Russia invaded Ukraine early in the spring. They started with the so-called "little green men" -- Russian soldiers without insignia on their green uniforms -- then proceeded with uniforms with epaulets and the annexation of Crimea. Russia has been the force behind, and on the ground, with the separatists in eastern Ukraine.

It is an invasion that is already well in place. It is detrimental to managing the situation to play along with the transparent falsehood that the Russians are putting out that they have not invaded Ukraine.

WorldPost: Now that the Europeans have imposed stiffer sanctions, is the response of the West sufficient?

Talbott: It is good enough. Obviously it could be tougher, but whether it can be tougher in a way that preserves the solidarity of the Atlantic Alliance and that doesn't blow back domestically in the United States where the public is weary of war, is a challenge.

The fact that German Chancellor Angela Merkel has taken the lead and been nearly in lockstep with President Obama is a big plus. The sanctions are having an effect in Russia. As of mid-August, the Russians don't seem to have made up their minds as to what their next move is. I would like to think that the reason they have not escalated further is because of the unpleasant surprise to them that the West has been quite effective in its unified response.

WorldPost: Polish Foreign Minister Radek Sikorski has argued that NATO must go further and "bolster its eastern flank." Would that be more of a deterrent or a provocation to Russia?

Talbott: I'm not sure exactly what he means. But NATO has already been bolstered in several ways, including in Poland. Moreover, there is a deliberately visible effort to put forces from the "original members of NATO" -- those who were members before the end of the Cold War -- in the Baltic states, particularly Estonia. The British and the Germans are supplementing Americans with air support.

One essential requirement has been met: to persuade the Russians that any countries that are full members of NATO now are totally covered by Article 5 of the NATO Treaty, which says each member must defend the others with boots on the ground in the event of a threat. That is a deterrent.

WorldPost: What is Putin ultimately after?
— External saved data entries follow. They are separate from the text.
lemma proj_mat_idem:
  assumes "0 < (\<Sum>k<d. (u k)\<^sup>2)"
  shows "proj_mat d u * proj_mat d u = proj_mat d u"
proof (rule eq_matI)
  define c where "c = (\<Sum>k<d. (u k)\<^sup>2)"
  fix i j assume ij: "i < dim_row (proj_mat d u)" "j < dim_col (proj_mat d u)"
  then have "(proj_mat d u * proj_mat d u) $$ (i,j)
      = (\<Sum>l<d. complex_of_real (u i * u l / c * (u l * u j / c)))"
    by (simp add: proj_mat_def c_def scalar_prod_def lessThan_atLeast0)
  also have "\<dots> = complex_of_real (\<Sum>l<d. u i * u j / c / c * (u l)\<^sup>2)"
    unfolding of_real_sum
    by (intro sum.cong refl arg_cong[where f = complex_of_real]) (simp add: power2_eq_square)
  also have "\<dots> = complex_of_real (u i * u j / c / c * c)"
    by (simp add: c_def sum_distrib_left)
  also have "\<dots> = complex_of_real (u i * u j / c)"
    using assms by (simp add: c_def)
  finally show "(proj_mat d u * proj_mat d u) $$ (i,j) = proj_mat d u $$ (i,j)"
    using ij by (simp add: proj_mat_def c_def)
qed (simp_all add: proj_mat_def)

lemma density_op_proj_mat:
  "0 < (\<Sum>k<d. (u k)\<^sup>2) \<Longrightarrow> density_op d (proj_mat d u)"
  by (simp add: density_op_def psd_proj_mat mtrace_proj_mat)

definition context_channel :: "nat \<Rightarrow> (nat \<Rightarrow> nat set) \<Rightarrow> nat \<Rightarrow> nat \<Rightarrow> real" where
  "context_channel r B x y = (if x \<in> B y then 1 / real r else 0)"

lemma context_channel_row_sum:
  assumes "0 < r" "card {y \<in> {..<k}. x \<in> B y} = r"
  shows "(\<Sum>y<k. context_channel r B x y) = 1"
proof -
  have "(\<Sum>y<k. context_channel r B x y) = (\<Sum>y<k. of_bool (x \<in> B y)) / real r"
    unfolding sum_divide_distrib by (intro sum.cong) (auto simp: context_channel_def)
  also have "\<dots> = 1"
    using assms by (simp add: Int_def conj_commute)
  finally show ?thesis .
qed

lemma classical_channel_context_channel:
  assumes "0 < n" "0 < k" "0 < r" "\<And>x. x < n \<Longrightarrow> card {y \<in> {..<k}. x \<in> B y} = r"
  shows "classical_channel n k (context_channel r B)"
  using assms context_channel_row_sum unfolding classical_channel_def
  by (auto simp: context_channel_def)

lemma confusable_context_channel:
  "0 < r \<Longrightarrow> confusable k (context_channel r B) x x' \<longleftrightarrow> x \<noteq> x' \<and> (\<exists>y<k. x \<in> B y \<and> x' \<in> B y)"
  by (auto simp: confusable_def context_channel_def)

lemma independent_set_context_channel_card:
  assumes r: "0 < r" and deg: "\<And>x. x < n \<Longrightarrow> card {y \<in> {..<k}. x \<in> B y} = r"
    and S: "independent_set n k (context_channel r B) S"
  shows "r * card S \<le> k"
proof -
  have S_sub: "S \<subseteq> {..<n}" using S independent_set_def by blast
  then have fin: "finite S" using finite_subset by blast
  have at_most_one: "card (S \<inter> B y) \<le> 1" if "y < k" for y
  proof -
    have "a = b" if "a \<in> S \<inter> B y" "b \<in> S \<inter> B y" for a b
      using S that \<open>y < k\<close> r by (auto simp: independent_set_def confusable_context_channel)
    then show ?thesis using card_le_Suc0_iff_eq[of "S \<inter> B y"] fin by auto
  qed
  have "r * card S = (\<Sum>x\<in>S. card {y \<in> {..<k}. x \<in> B y})"
    using deg S_sub by (simp add: subset_eq)
  also have "\<dots> = (\<Sum>x\<in>S. \<Sum>y<k. of_bool (x \<in> B y))"
    by (simp add: Int_def conj_commute)
  also have "\<dots> = (\<Sum>y<k. \<Sum>x\<in>S. of_bool (x \<in> B y))"
    by (rule sum.swap)
  also have "\<dots> = (\<Sum>y<k. card (S \<inter> B y))"
    using fin by simp
  also have "\<dots> \<le> (\<Sum>y<k. 1)" by (intro sum_mono at_most_one) simp
  finally show ?thesis by simp
qed

lemma independence_number_context_channel:
  assumes "0 < r" "\<And>x. x < n \<Longrightarrow> card {y \<in> {..<k}. x \<in> B y} = r"
  shows "independence_number n k (context_channel r B) \<le> k div r"
proof (rule independence_number_le)
  fix S assume "independent_set n k (context_channel r B) S"
  then have "card S * r \<le> k"
    using independent_set_context_channel_card[OF assms] by (simp add: mult.commute)
  then show "card S \<le> k div r"
    using assms(1) by (simp add: less_eq_div_iff_mult_less_eq)
qed

lemma zero_error_code_context_channel:
  assumes r: "0 < r" and deg: "\<And>x. x < n \<Longrightarrow> card {y \<in> {..<k}. x \<in> B y} = r"
    and u: "\<And>m. m < n \<Longrightarrow> 0 < (\<Sum>i<d. (u m i)\<^sup>2)"
    and B: "\<And>y. y < k \<Longrightarrow> B y \<subseteq> {..<n}"
    and basis: "\<And>y i j. y < k \<Longrightarrow> i < d \<Longrightarrow> j < d \<Longrightarrow>
      (\<Sum>m\<in>B y. proj_mat d (u m) $$ (i,j)) = 1\<^sub>m d $$ (i,j)"
  shows "zero_error_code n k (context_channel r B) d n"
proof -
  \<comment> \<open>Seeing context y, the receiver measures in the basis y.\<close>
  define E where "E y m = (if m \<in> B y then proj_mat d (u m) else 0\<^sub>m d d)" for y m
  have "povm d n (E y)" if "y < k" for y
  proof -
    have "psd d (E y m)" if "m < n" for m
      using u[OF that] by (simp add: E_def psd_proj_mat psd_zero_mat)
    moreover have "(\<Sum>m<n. E y m $$ (i,j)) = 1\<^sub>m d $$ (i,j)" if "i < d" "j < d" for i j
    proof -
      have "(\<Sum>m<n. E y m $$ (i,j)) = (\<Sum>m\<in>B y. proj_mat d (u m) $$ (i,j))"
        using B[OF \<open>y < k\<close>] that
        by (intro sum.mono_neutral_cong_right) (auto simp: E_def)
      then show ?thesis using basis \<open>y < k\<close> that by simp
    qed
    ultimately show ?thesis by (simp add: povm_def)
  qed
  moreover have "(\<Sum>y<k. complex_of_real (context_channel r B m y) * mtrace d (E y m * proj_mat d (u m))) = 1"
    if "m < n" for m
  proof -
    have "(\<Sum>y<k. complex_of_real (context_channel r B m y) * mtrace d (E y m * proj_mat d (u m)))
        = complex_of_real (\<Sum>y<k. context_channel r B m y)"
      unfolding of_real_sum
      by (intro sum.cong) (simp_all add: E_def context_channel_def proj_mat_idem mtrace_proj_mat u that)
    then show ?thesis using context_channel_row_sum[OF r deg[OF that]] by simp
  qed
  ultimately show ?thesis
    unfolding zero_error_code_def using u density_op_proj_mat
    by (intro exI[of _ "\<lambda>m. m"] exI[of _ "\<lambda>m. proj_mat d (u m)"] exI[of _ E]) auto
qed

(* Cabello, Estebaranz and Garcia-Alcaine's 18-vector proof of the Kochen-Specker theorem in
   R^4: 9 orthogonal bases, every vector in exactly two of them. *)
definition cabello_vectors :: "real list list" where
  "cabello_vectors =
    [[0,0,0,1], [0,0,1,0], [1,1,0,0], [1,-1,0,0], [0,1,0,0], [1,0,1,0],
     [1,0,-1,0], [1,-1,1,-1], [1,-1,-1,1], [0,0,1,1], [1,1,1,1], [0,1,0,-1],
     [1,0,0,1], [1,0,0,-1], [0,1,-1,0], [1,1,-1,1], [1,1,1,-1], [-1,1,1,1]]"

definition cabello_bases :: "nat list list" where
  "cabello_bases =
    [[0,1,2,3], [0,4,5,6], [7,8,2,9], [7,10,6,11], [1,4,12,13],
     [8,10,13,14], [15,16,3,9], [15,17,5,11], [16,17,12,14]]"

definition cabello_vec :: "nat \<Rightarrow> nat \<Rightarrow> real" where
  "cabello_vec m i = cabello_vectors ! m ! i"

definition cabello_context :: "nat \<Rightarrow> nat set" where
  "cabello_context y = set (cabello_bases ! y)"

lemma cabello_vec_norm_pos: "\<forall>m<18. 0 < (\<Sum>k<4. (cabello_vec m k)\<^sup>2)"
  by code_simp

lemma cabello_context_subset: "\<forall>y<9. cabello_context y \<subseteq> {..<18}"
  by code_simp

lemma cabello_degree: "\<forall>x<18. card {y \<in> {..<9}. x \<in> cabello_context y} = 2"
  by code_simp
Talbott: It is only a slight oversimplification to say that what Putin is after is a rollback of the reforms that were instituted by Mikhail Gorbachev and then picked up and advanced by Boris Yeltsin.

All that is now in jeopardy and nullified by Putin. That is not just dangerous, as we are seeing in the Ukraine, but also bad for Russia in the long term.
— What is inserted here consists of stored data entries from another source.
(* Let $p$ be a prime, $q$ a power of $p$, and $F$ a field of characteristic $p$ containing $\mathbb{F}_q$. Let $L\in F[x]$ be a monic $q$-polynomial of $q$-degree $n$ such that: (1) $L(x)/x$ is irreducible over $F$; (2) $L$ is not a $q^s$-polynomial for any integer $s>1$; (3) $L=x^{q^n}+a_{n-k}x^{q^{n-k}}+\cdots+a_0x$ with $1\leq k\leq n$ and $a_{n-k}\neq0$ (so the coefficients of $x^{q^{n-1}},\dots,x^{q^{n-k+1}}$ vanish). Let $V$ be the space of roots of $L$ in a splitting field $E$ of $L$ over $F$, and let $\alpha,\beta\in V$ be linearly independent over $\mathbb{F}_q$. If $d$ is a positive integer such that $\alpha^d,\alpha^{d-1}\beta,\dots,\beta^d$ are linearly dependent over $\mathbb{F}_q$, then $d\geq q^k+1$.
   Context: A $q$-polynomial of $q$-degree $n$ is $\sum_{i=0}^n a_ix^{q^i}$ with $a_n\neq0$; it is a $q^s$-polynomial if only exponents $q^j$ with $s\mid j$ occur. *)

theory Defs
  imports "HOL-Computational_Algebra.Computational_Algebra"
begin

definition is_field_hom :: "('f::field \<Rightarrow> 'e::field) \<Rightarrow> bool" where
  "is_field_hom \<phi> \<longleftrightarrow> \<phi> 1 = 1 \<and> (\<forall>a b. \<phi> (a + b) = \<phi> a + \<phi> b) \<and> (\<forall>a b. \<phi> (a * b) = \<phi> a * \<phi> b)"

definition is_subfield :: "'e::field set \<Rightarrow> bool" where
  "is_subfield K \<longleftrightarrow> 0 \<in> K \<and> 1 \<in> K \<and> (\<forall>a\<in>K. \<forall>b\<in>K. a + b \<in> K \<and> a * b \<in> K \<and> - a \<in> K)
      \<and> (\<forall>a\<in>K. a \<noteq> 0 \<longrightarrow> inverse a \<in> K)"

definition splits :: "'e::field poly \<Rightarrow> bool" where
  "splits P \<longleftrightarrow> (\<exists>rs. P = smult (lead_coeff P) (\<Prod>r\<leftarrow>rs. [:- r, 1:]))"

text \<open>E (the whole type 'e) is a splitting field of L over F, F embedded via \<phi>.\<close>
definition is_splitting_field :: "('f::field \<Rightarrow> 'e::field) \<Rightarrow> 'f poly \<Rightarrow> bool" where
  "is_splitting_field \<phi> L \<longleftrightarrow> is_field_hom \<phi> \<and> splits (map_poly \<phi> L) \<and>
     (\<forall>K. is_subfield K \<and> range \<phi> \<subseteq> K \<and> {x. poly (map_poly \<phi> L) x = 0} \<subseteq> K \<longrightarrow> K = UNIV)"

definition is_qs_poly :: "nat \<Rightarrow> nat \<Rightarrow> 'a::zero poly \<Rightarrow> bool" where
  "is_qs_poly q s L \<longleftrightarrow> (\<forall>m. coeff L m \<noteq> 0 \<longrightarrow> (\<exists>j. s dvd j \<and> m = q ^ j))"

definition is_q_poly :: "nat \<Rightarrow> 'a::zero poly \<Rightarrow> bool" where
  "is_q_poly q L \<longleftrightarrow> is_qs_poly q 1 L"

text \<open>The copy of F_q inside a field: the roots of x^q - x.\<close>
definition Fq_in :: "nat \<Rightarrow> 'a::field set" where
  "Fq_in q = {c. c ^ q = c}"

definition contains_Fq :: "nat \<Rightarrow> 'a::field itself \<Rightarrow> bool" where
  "contains_Fq q _ \<longleftrightarrow> card (Fq_in q :: 'a set) = q"

end

theory Submission
  imports Defs "Jordan_Normal_Form.Char_Poly"
begin

(* Put \<gamma> = \<beta> / \<alpha>. The dependence of the \<alpha>^(d-i) \<beta>^i makes \<gamma> algebraic of degree e \<le> d over F.
   Subtracting \<gamma>^(q^n) L(\<alpha>) from L(\<gamma> \<alpha>) = 0 gives a linearized relation
   \<Sum>_(j \<le> n-k) a_j (\<gamma>^(q^j) - \<gamma>^(q^n)) \<alpha>^(q^j) = 0 with coefficients in F[\<gamma>]. They are not all zero:
   otherwise \<gamma> is fixed by the powers q^(n-j) with a_j \<noteq> 0, hence by q^g for their gcd g, and
   since L is then a q^g-polynomial, g = 1 and \<gamma> \<in> F_q, contradicting independence. Dividing by \<alpha>,
   \<alpha> has degree at most q^(n-k) - 1 over F[\<gamma>], so at most e (q^(n-k) - 1) over F. As L(x)/x is
   irreducible, that degree is q^n - 1, and e \<le> q^k would give q^n - 1 \<le> q^n - q^k. *)

lemma field_hom_if_is_field_hom:
  assumes "is_field_hom \<phi>"
  shows "field_hom \<phi>"
proof -
  have add: "\<phi> (a + b) = \<phi> a + \<phi> b" and mult: "\<phi> (a * b) = \<phi> a * \<phi> b" and "\<phi> 1 = 1" for a b
    using assms by (simp_all add: is_field_hom_def)
  moreover have "\<phi> 0 = 0"
    using add[of 0 0] by (metis add_cancel_right_right)
  ultimately show ?thesis
    by unfold_locales auto
qed

lemma poly_eq_sum_lessThan:
  fixes p :: "'a::comm_semiring_1 poly"
  assumes "\<And>i. n \<le> i \<Longrightarrow> coeff p i = 0"
  shows "poly p x = (\<Sum>i<n. coeff p i * x ^ i)"
proof -
  have "p = (\<Sum>i<n. monom (coeff p i) i)"
    by (rule poly_eqI) (auto simp: coeff_sum coeff_monom assms not_less)
  then show ?thesis
    by (metis (no_types, lifting) poly_monom poly_sum sum.cong)
qed

lemma poly_q_poly:
  fixes L :: "'a::comm_semiring_1 poly"
  assumes "is_q_poly q L" and "degree L \<le> q ^ n" and "q > 1"
  shows "poly L x = (\<Sum>j\<le>n. coeff L (q ^ j) * x ^ q ^ j)"
proof -
  have "poly L x = (\<Sum>i<Suc (q ^ n). coeff L i * x ^ i)"
    using assms(2) by (intro poly_eq_sum_lessThan coeff_eq_0) simp
  also have "\<dots> = (\<Sum>i\<in>(\<lambda>j. q ^ j) ` {..n}. coeff L i * x ^ i)"
  proof (rule sum.mono_neutral_right)
    show "(\<lambda>j. q ^ j) ` {..n} \<subseteq> {..<Suc (q ^ n)}"
      using assms(3) by (auto intro!: le_imp_less_Suc power_increasing)
    show "\<forall>i\<in>{..<Suc (q ^ n)} - (\<lambda>j. q ^ j) ` {..n}. coeff L i * x ^ i = 0"
    proof
      fix i assume i: "i \<in> {..<Suc (q ^ n)} - (\<lambda>j. q ^ j) ` {..n}"
      have "coeff L i = 0"
      proof (rule ccontr)
        assume "coeff L i \<noteq> 0"
        then obtain j where "i = q ^ j"
          using assms(1) by (auto simp: is_q_poly_def is_qs_poly_def)
        with i assms(3) show False
          by (auto simp: less_Suc_eq_le dest: power_le_imp_le_exp)
      qed
      then show "coeff L i * x ^ i = 0"
        by simp
    qed
  qed simp
  also have "\<dots> = (\<Sum>j\<le>n. coeff L (q ^ j) * x ^ q ^ j)"
    using assms(3) by (subst sum.reindex) (auto simp: inj_on_def)
  finally show ?thesis .
qed

lemma power_q_power_inj:
  fixes x y :: "'a::field"
  assumes "prime CHAR('a)" and "q = CHAR('a) ^ m" and "x ^ q ^ t = y ^ q ^ t"
  shows "x = y"
proof -
  have "q ^ t = CHAR('a) ^ (m * t)"
    using assms(2) by (simp add: power_mult)
  then have "x ^ q ^ t = (x - y) ^ q ^ t + y ^ q ^ t"
    using freshmans_dream'[OF assms(1), of "q ^ t" "m * t" "x - y" y] by simp
  then show ?thesis
    using assms(3) by simp
qed

lemma Fq_in_uminus:
  fixes x :: "'a::field"
  assumes "prime CHAR('a)" and "q = CHAR('a) ^ m" and "x \<in> Fq_in q"
  shows "- x \<in> Fq_in q"
proof -
  have "q > 0"
    using assms(1,2) prime_gt_0_nat by simp
  have "x + (- x) ^ q = (x + - x) ^ q"
    using freshmans_dream'[OF assms(1,2), of x "- x"] assms(3) by (simp add: Fq_in_def)
  also have "\<dots> = 0"
    using \<open>q > 0\<close> by simp
  finally show ?thesis
    by (simp add: Fq_in_def add_eq_0_iff)
qed

lemma Fq_independent_imp:
  fixes \<alpha> \<beta> :: "'a::field"
  assumes "prime CHAR('a)" and "q = CHAR('a) ^ m"
    and indep: "\<forall>a\<in>Fq_in q. \<forall>b\<in>Fq_in q. a * \<alpha> + b * \<beta> = 0 \<longrightarrow> a = 0 \<and> b = 0"
  shows "\<alpha> \<noteq> 0" and "(\<beta> / \<alpha>) ^ q \<noteq> \<beta> / \<alpha>"
proof -
  have "q > 0"
    using assms(1,2) prime_gt_0_nat by simp
  then have Fq: "(1::'a) \<in> Fq_in q" "(0::'a) \<in> Fq_in q" "(- 1::'a) \<in> Fq_in q"
    using Fq_in_uminus[OF assms(1,2), of 1] by (simp_all add: Fq_in_def)
  show \<alpha>_nonzero: "\<alpha> \<noteq> 0"
  proof
    assume "\<alpha> = 0"
    then have "(1::'a) = 0 \<and> (0::'a) = 0"
      using indep[rule_format, OF Fq(1,2)] by simp
    then show False
      by simp
  qed
  show "(\<beta> / \<alpha>) ^ q \<noteq> \<beta> / \<alpha>"
  proof
    assume "(\<beta> / \<alpha>) ^ q = \<beta> / \<alpha>"
    then have "\<beta> / \<alpha> \<in> Fq_in q"
      by (simp add: Fq_in_def)
    moreover have "\<beta> / \<alpha> * \<alpha> + (- 1) * \<beta> = 0"
      using \<alpha>_nonzero by simp
    ultimately have "\<beta> / \<alpha> = 0 \<and> (- 1::'a) = 0"
      using indep[rule_format, OF _ Fq(3)] by blast
    then show False
      by simp
  qed
qed

lemma power_power_fixed_mult:
  fixes \<gamma> :: "'a::monoid_mult"
  assumes "\<gamma> ^ q ^ a = \<gamma>"
  shows "\<gamma> ^ q ^ (a * k) = \<gamma>"
proof (induction k)
  case (Suc k)
  have "\<gamma> ^ q ^ (a * Suc k) = (\<gamma> ^ q ^ a) ^ q ^ (a * k)"
    by (simp only: mult_Suc_right power_add power_mult)
  then show ?case
    using assms Suc.IH by simp
qed simp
One of the most important decisions that Yeltsin took as the most powerful of the post-Soviet leaders who managed the dissolution of the USSR was to guarantee that the inter-republic borders would become the international borders of the new independent states.

That alone made it possible for the dissolution of the Soviet Union to be, generally speaking, peaceful, non-violent and relatively orderly. It avoided the kind of bloody wars we saw with the breakup of Yugoslavia.

Putin has torn up that decision and is following the course of Slobodan Milosevic, the Serbian leader. In taking this course, Putin could very well be precipitating the violent dissolution of the Russian Federation.

WorldPost: In other words, Putin is looking to the past, not the future.

Talbott: Worse, he is looking to the past for a model for the future. That is unwise in the extreme, for Russians -- and for the rest of us.